- Exercise requirements
Only some lines are wanted. Transcribe, exactly, the lines below from the line with "r x) \<Longrightarrow>" up to and including the line with "x + of_real".

- Input
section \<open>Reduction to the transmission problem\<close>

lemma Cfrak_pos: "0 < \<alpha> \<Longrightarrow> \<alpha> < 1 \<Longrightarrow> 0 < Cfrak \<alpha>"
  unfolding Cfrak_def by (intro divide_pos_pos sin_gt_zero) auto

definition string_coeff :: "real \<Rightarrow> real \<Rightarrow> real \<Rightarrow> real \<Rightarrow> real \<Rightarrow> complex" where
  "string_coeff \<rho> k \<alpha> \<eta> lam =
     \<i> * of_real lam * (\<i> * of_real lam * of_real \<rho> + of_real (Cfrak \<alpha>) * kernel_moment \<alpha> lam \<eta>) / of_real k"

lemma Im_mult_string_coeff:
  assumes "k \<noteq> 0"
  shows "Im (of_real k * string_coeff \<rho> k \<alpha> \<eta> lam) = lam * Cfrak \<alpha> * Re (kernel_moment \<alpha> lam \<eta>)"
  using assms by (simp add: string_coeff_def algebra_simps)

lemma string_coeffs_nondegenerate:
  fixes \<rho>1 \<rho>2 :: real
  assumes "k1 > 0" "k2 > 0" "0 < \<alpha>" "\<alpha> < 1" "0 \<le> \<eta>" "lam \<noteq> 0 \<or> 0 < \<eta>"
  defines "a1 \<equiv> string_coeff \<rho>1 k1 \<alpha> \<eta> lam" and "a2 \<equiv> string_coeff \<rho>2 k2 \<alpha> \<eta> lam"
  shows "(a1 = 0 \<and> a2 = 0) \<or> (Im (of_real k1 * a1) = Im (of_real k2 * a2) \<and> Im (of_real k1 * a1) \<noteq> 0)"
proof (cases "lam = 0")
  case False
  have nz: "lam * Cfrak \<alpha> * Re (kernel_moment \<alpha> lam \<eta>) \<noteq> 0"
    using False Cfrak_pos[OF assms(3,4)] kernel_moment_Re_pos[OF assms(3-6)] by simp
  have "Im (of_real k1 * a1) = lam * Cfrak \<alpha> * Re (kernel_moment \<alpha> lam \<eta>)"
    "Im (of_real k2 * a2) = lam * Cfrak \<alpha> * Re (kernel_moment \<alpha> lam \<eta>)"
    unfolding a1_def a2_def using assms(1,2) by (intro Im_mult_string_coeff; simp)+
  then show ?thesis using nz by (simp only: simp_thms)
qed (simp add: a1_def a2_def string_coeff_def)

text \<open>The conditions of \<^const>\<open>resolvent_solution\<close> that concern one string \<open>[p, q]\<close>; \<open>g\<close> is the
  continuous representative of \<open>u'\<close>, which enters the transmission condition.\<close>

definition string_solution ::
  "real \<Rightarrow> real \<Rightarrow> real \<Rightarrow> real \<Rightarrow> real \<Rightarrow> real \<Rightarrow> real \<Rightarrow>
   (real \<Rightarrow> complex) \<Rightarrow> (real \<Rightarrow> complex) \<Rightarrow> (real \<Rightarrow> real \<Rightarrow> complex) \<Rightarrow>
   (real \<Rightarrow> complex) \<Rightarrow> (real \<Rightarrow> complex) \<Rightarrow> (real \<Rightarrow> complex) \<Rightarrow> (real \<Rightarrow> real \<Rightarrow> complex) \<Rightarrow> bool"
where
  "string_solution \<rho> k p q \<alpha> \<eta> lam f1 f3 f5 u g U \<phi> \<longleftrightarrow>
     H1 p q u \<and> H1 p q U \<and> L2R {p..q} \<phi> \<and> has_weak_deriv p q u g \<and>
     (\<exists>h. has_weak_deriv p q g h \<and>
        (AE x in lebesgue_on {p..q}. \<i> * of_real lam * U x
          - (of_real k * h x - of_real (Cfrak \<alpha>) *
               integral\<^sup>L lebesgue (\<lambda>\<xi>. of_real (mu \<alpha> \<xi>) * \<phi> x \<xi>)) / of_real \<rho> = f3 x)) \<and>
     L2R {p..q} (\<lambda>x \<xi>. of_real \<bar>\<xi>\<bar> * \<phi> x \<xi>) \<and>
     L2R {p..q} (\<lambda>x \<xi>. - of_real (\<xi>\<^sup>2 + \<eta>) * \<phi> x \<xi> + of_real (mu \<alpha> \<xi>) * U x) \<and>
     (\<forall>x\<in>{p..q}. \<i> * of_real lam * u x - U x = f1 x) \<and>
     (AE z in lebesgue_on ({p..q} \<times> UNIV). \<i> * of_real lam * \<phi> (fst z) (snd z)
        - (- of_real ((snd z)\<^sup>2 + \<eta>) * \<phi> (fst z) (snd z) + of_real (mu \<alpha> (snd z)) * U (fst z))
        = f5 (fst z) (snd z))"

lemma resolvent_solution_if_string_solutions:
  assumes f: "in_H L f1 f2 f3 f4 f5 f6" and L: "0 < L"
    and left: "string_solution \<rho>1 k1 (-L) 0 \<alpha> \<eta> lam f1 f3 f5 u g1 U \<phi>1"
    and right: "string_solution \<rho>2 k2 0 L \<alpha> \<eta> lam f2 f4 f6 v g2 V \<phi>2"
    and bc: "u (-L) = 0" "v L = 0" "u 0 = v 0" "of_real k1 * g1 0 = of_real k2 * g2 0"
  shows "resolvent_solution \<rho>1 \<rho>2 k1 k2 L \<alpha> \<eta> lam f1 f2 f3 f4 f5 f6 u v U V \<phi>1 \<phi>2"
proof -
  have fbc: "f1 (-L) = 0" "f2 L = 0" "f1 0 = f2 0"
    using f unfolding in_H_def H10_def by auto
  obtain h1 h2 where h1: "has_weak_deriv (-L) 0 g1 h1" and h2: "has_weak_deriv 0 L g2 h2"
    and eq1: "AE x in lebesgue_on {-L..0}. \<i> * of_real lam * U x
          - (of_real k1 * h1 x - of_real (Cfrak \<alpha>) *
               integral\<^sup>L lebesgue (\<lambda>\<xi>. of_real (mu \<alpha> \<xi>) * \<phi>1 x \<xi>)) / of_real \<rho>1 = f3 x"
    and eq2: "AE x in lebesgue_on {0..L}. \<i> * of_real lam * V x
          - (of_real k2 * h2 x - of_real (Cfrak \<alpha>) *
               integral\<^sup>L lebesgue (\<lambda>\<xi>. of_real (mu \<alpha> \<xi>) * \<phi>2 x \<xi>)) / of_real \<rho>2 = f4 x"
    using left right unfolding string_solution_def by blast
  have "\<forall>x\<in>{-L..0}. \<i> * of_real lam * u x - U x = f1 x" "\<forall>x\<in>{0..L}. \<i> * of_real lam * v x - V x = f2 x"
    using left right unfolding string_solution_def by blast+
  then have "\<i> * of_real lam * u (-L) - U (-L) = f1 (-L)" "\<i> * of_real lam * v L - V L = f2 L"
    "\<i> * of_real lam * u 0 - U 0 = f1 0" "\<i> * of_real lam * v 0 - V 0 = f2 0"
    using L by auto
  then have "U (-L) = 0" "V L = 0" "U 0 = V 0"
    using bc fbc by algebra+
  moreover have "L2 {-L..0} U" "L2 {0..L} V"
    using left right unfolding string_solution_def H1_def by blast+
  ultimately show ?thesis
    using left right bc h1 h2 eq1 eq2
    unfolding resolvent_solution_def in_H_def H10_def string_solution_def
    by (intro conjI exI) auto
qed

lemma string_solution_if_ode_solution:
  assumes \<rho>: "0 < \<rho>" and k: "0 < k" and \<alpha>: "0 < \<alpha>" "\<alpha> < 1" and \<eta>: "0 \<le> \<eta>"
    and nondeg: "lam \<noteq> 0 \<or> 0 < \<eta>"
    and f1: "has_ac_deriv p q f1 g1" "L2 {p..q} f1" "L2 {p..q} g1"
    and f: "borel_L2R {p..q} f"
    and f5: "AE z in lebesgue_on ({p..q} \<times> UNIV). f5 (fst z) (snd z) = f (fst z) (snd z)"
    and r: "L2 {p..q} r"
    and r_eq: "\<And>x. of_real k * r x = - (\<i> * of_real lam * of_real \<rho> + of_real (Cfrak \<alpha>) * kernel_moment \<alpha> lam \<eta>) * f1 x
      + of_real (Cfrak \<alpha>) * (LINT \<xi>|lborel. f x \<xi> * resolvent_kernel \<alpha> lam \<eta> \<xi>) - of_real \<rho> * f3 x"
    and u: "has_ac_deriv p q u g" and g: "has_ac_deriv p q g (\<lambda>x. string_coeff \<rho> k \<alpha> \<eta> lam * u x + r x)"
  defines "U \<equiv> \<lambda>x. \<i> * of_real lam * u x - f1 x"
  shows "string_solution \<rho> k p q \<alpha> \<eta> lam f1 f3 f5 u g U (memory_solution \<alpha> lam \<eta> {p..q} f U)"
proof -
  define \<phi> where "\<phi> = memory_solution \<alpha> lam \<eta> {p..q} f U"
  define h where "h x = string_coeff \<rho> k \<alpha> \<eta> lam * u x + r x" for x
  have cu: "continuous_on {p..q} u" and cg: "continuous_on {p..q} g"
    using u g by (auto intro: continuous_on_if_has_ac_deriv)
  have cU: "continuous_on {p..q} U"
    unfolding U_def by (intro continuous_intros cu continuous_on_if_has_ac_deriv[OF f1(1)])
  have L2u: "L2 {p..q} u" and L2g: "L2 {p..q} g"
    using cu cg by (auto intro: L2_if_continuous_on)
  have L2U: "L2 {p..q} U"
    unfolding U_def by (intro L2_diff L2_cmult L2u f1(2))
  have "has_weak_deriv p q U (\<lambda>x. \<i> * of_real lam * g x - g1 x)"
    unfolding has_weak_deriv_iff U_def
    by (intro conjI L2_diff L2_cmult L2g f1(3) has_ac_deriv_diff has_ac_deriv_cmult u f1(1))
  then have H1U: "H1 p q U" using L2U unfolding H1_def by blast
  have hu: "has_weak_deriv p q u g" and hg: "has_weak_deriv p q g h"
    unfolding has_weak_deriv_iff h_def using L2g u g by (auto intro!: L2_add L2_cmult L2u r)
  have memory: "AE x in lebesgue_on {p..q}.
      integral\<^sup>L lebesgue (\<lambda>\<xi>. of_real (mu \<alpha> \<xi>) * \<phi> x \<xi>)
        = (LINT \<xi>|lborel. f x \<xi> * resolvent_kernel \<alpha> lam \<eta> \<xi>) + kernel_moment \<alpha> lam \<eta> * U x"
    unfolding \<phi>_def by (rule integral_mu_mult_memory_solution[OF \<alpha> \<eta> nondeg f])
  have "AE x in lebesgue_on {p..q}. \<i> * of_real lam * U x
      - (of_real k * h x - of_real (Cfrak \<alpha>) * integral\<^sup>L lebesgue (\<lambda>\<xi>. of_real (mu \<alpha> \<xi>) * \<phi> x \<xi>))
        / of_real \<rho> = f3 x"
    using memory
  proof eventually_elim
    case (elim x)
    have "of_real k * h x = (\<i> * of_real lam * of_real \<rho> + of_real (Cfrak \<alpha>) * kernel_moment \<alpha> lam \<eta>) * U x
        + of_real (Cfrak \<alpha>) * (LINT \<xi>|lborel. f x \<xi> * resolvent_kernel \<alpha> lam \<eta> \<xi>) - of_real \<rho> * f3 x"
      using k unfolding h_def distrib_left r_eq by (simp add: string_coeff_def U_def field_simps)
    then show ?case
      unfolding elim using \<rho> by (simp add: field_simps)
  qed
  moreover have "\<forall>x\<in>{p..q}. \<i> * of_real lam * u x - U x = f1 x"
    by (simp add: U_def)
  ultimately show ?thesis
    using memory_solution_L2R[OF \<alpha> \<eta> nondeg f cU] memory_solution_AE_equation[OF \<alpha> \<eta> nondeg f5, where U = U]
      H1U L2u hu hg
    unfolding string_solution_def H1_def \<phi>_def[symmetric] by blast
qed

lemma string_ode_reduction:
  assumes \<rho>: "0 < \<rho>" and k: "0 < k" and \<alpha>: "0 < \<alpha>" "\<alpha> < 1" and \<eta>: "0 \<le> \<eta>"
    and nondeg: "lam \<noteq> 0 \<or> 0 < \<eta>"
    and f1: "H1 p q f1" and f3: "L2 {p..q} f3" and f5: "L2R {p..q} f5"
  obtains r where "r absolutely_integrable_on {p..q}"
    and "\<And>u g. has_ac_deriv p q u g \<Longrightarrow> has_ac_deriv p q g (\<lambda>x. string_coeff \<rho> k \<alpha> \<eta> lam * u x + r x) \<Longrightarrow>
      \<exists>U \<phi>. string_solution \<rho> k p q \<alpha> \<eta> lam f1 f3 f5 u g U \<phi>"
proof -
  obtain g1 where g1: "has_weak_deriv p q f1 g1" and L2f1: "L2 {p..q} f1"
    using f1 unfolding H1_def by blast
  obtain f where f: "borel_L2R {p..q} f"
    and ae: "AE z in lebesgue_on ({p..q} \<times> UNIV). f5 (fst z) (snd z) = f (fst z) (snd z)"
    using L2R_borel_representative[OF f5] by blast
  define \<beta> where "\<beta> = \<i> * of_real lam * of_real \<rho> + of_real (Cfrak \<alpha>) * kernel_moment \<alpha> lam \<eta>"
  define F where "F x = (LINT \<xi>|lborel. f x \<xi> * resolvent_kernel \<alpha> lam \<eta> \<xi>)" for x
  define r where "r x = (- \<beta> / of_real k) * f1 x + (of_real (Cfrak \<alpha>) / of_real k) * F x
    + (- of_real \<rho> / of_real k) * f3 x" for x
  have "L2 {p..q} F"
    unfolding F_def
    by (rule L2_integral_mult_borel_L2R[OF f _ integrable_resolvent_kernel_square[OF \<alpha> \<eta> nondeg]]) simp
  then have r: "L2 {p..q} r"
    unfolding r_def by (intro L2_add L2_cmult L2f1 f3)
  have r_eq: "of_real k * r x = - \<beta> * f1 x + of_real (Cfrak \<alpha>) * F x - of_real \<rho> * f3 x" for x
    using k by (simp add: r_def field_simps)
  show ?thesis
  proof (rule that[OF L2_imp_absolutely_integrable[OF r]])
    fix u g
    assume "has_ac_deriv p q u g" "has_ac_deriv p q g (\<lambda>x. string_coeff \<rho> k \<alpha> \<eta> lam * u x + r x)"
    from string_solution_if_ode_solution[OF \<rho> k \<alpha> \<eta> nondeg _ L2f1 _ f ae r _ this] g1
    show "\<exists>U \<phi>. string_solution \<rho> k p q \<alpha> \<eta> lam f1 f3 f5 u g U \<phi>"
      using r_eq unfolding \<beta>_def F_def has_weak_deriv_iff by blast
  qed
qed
* * *
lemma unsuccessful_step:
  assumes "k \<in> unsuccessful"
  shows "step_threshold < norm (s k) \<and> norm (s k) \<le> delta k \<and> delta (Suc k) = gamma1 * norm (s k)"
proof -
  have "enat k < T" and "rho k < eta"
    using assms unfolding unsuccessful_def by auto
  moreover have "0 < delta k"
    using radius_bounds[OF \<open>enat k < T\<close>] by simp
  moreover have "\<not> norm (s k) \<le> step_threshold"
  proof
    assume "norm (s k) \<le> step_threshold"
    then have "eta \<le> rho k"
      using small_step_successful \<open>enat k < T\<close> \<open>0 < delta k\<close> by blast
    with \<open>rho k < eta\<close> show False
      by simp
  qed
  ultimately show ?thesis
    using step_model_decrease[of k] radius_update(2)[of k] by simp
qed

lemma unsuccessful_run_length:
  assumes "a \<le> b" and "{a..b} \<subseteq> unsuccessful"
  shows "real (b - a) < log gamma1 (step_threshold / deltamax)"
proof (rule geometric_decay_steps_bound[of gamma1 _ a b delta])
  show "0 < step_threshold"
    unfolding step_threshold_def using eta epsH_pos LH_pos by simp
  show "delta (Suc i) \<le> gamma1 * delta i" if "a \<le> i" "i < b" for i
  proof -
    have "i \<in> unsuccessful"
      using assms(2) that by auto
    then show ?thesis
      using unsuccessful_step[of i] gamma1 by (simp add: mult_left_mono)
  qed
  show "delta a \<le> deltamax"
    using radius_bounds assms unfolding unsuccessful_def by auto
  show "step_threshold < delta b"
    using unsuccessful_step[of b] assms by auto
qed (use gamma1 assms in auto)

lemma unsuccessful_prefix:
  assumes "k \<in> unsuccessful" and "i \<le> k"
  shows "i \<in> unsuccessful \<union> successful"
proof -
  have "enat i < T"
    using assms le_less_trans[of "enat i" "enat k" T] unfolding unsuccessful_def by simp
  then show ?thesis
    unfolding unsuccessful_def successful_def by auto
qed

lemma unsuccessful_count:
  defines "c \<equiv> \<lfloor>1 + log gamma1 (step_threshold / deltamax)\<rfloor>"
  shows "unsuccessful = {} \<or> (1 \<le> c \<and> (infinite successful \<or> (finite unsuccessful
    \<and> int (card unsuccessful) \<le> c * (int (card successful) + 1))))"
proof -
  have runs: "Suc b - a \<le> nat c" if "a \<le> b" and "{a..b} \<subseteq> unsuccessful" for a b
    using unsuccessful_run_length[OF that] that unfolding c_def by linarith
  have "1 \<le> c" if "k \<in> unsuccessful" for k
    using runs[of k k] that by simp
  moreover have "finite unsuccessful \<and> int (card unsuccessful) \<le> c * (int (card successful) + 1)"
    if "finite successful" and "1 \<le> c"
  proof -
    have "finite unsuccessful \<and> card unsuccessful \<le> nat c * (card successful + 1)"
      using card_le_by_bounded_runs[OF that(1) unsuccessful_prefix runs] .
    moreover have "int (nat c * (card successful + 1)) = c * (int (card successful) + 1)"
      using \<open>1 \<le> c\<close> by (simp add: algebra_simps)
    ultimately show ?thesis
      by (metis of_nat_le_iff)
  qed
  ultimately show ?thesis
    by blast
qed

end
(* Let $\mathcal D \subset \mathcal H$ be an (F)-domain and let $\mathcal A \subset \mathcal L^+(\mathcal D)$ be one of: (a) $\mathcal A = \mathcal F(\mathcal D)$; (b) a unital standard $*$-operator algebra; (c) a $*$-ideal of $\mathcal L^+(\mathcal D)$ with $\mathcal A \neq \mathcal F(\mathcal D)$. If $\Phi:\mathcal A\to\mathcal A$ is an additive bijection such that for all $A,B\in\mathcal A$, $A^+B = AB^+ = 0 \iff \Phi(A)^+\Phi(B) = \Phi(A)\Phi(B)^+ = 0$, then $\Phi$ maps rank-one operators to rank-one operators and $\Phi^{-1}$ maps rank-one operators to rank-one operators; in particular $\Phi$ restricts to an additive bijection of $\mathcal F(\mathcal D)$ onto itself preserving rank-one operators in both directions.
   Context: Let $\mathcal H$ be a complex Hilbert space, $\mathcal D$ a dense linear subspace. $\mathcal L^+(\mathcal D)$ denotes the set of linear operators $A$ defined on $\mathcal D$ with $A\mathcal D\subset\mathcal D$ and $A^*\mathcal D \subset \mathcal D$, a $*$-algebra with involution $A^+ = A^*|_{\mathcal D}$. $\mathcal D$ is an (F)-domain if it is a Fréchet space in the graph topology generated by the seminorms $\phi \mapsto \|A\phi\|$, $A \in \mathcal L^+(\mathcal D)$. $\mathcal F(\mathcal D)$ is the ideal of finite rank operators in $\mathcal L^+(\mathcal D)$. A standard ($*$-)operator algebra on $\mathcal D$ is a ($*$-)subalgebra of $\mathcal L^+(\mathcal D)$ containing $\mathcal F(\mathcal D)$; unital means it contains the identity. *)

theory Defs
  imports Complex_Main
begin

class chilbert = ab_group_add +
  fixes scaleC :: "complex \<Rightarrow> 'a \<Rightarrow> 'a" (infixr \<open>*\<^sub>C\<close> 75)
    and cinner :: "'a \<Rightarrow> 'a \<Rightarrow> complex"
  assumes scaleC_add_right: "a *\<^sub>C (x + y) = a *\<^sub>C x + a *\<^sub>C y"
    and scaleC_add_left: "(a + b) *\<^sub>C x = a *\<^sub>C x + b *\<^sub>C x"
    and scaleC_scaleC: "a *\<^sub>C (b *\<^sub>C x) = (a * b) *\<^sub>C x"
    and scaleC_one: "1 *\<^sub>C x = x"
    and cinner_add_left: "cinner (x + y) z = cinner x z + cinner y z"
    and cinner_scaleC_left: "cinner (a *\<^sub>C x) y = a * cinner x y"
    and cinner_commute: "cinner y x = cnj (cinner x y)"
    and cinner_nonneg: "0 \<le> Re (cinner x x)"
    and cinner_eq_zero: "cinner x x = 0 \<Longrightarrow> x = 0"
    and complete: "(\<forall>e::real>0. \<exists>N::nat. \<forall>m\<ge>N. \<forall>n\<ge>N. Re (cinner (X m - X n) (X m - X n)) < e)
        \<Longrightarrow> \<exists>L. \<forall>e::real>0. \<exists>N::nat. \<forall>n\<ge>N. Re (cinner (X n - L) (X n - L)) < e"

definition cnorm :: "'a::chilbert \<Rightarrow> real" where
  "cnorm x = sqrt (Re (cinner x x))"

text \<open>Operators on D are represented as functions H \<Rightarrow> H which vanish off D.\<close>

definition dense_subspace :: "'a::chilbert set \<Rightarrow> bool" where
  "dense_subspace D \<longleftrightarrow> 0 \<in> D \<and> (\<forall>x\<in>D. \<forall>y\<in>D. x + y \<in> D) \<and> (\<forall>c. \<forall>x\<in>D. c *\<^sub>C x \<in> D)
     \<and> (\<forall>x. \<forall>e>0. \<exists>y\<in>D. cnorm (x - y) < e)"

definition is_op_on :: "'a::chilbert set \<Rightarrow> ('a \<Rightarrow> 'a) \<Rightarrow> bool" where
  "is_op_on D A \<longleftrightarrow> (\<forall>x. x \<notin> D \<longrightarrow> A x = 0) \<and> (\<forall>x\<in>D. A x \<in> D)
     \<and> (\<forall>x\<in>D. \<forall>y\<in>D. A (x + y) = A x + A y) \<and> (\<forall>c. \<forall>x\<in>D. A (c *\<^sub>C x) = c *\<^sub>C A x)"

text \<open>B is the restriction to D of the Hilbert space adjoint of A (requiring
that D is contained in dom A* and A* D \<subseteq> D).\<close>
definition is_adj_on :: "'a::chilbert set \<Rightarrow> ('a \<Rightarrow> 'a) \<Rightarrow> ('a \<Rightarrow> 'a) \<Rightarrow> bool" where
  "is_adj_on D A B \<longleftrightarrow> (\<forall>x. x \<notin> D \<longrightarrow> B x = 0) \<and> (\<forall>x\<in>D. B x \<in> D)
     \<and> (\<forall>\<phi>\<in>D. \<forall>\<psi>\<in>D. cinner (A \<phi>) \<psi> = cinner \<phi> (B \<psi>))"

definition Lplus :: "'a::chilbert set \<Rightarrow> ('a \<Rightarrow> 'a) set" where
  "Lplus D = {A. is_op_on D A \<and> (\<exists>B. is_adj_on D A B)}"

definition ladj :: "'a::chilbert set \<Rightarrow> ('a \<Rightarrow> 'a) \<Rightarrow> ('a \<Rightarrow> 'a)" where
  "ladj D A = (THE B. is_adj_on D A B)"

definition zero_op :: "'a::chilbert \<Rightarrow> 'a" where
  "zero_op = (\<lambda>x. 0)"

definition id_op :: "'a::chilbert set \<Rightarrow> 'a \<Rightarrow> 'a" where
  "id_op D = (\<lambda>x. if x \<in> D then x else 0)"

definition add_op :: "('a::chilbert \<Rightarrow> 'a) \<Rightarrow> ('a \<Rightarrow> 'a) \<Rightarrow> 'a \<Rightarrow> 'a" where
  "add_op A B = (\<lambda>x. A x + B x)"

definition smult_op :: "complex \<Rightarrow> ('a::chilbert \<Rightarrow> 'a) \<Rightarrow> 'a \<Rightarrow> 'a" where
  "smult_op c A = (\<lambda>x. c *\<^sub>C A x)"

- Answer box
    and "\<And>u g. has_ac_deriv p q u g \<Longrightarrow> has_ac_deriv p q g (\<lambda>x. string_coeff \<rho> k \<alpha> \<eta> lam * u x + r x) \<Longrightarrow>
      \<exists>U \<phi>. string_solution \<rho> k p q \<alpha> \<eta> lam f1 f3 f5 u g U \<phi>"
proof -
  obtain g1 where g1: "has_weak_deriv p q f1 g1" and L2f1: "L2 {p..q} f1"
    using f1 unfolding H1_def by blast
  obtain f where f: "borel_L2R {p..q} f"
    and ae: "AE z in lebesgue_on ({p..q} \<times> UNIV). f5 (fst z) (snd z) = f (fst z) (snd z)"
    using L2R_borel_representative[OF f5] by blast
  define \<beta> where "\<beta> = \<i> * of_real lam * of_real \<rho> + of_real (Cfrak \<alpha>) * kernel_moment \<alpha> lam \<eta>"
  define F where "F x = (LINT \<xi>|lborel. f x \<xi> * resolvent_kernel \<alpha> lam \<eta> \<xi>)" for x
  define r where "r x = (- \<beta> / of_real k) * f1 x + (of_real (Cfrak \<alpha>) / of_real k) * F x
    + (- of_real \<rho> / of_real k) * f3 x" for x
  have "L2 {p..q} F"
    unfolding F_def
    by (rule L2_integral_mult_borel_L2R[OF f _ integrable_resolvent_kernel_square[OF \<alpha> \<eta> nondeg]]) simp
  then have r: "L2 {p..q} r"
    unfolding r_def by (intro L2_add L2_cmult L2f1 f3)
  have r_eq: "of_real k * r x = - \<beta> * f1 x + of_real (Cfrak \<alpha>) * F x - of_real \<rho> * f3 x" for x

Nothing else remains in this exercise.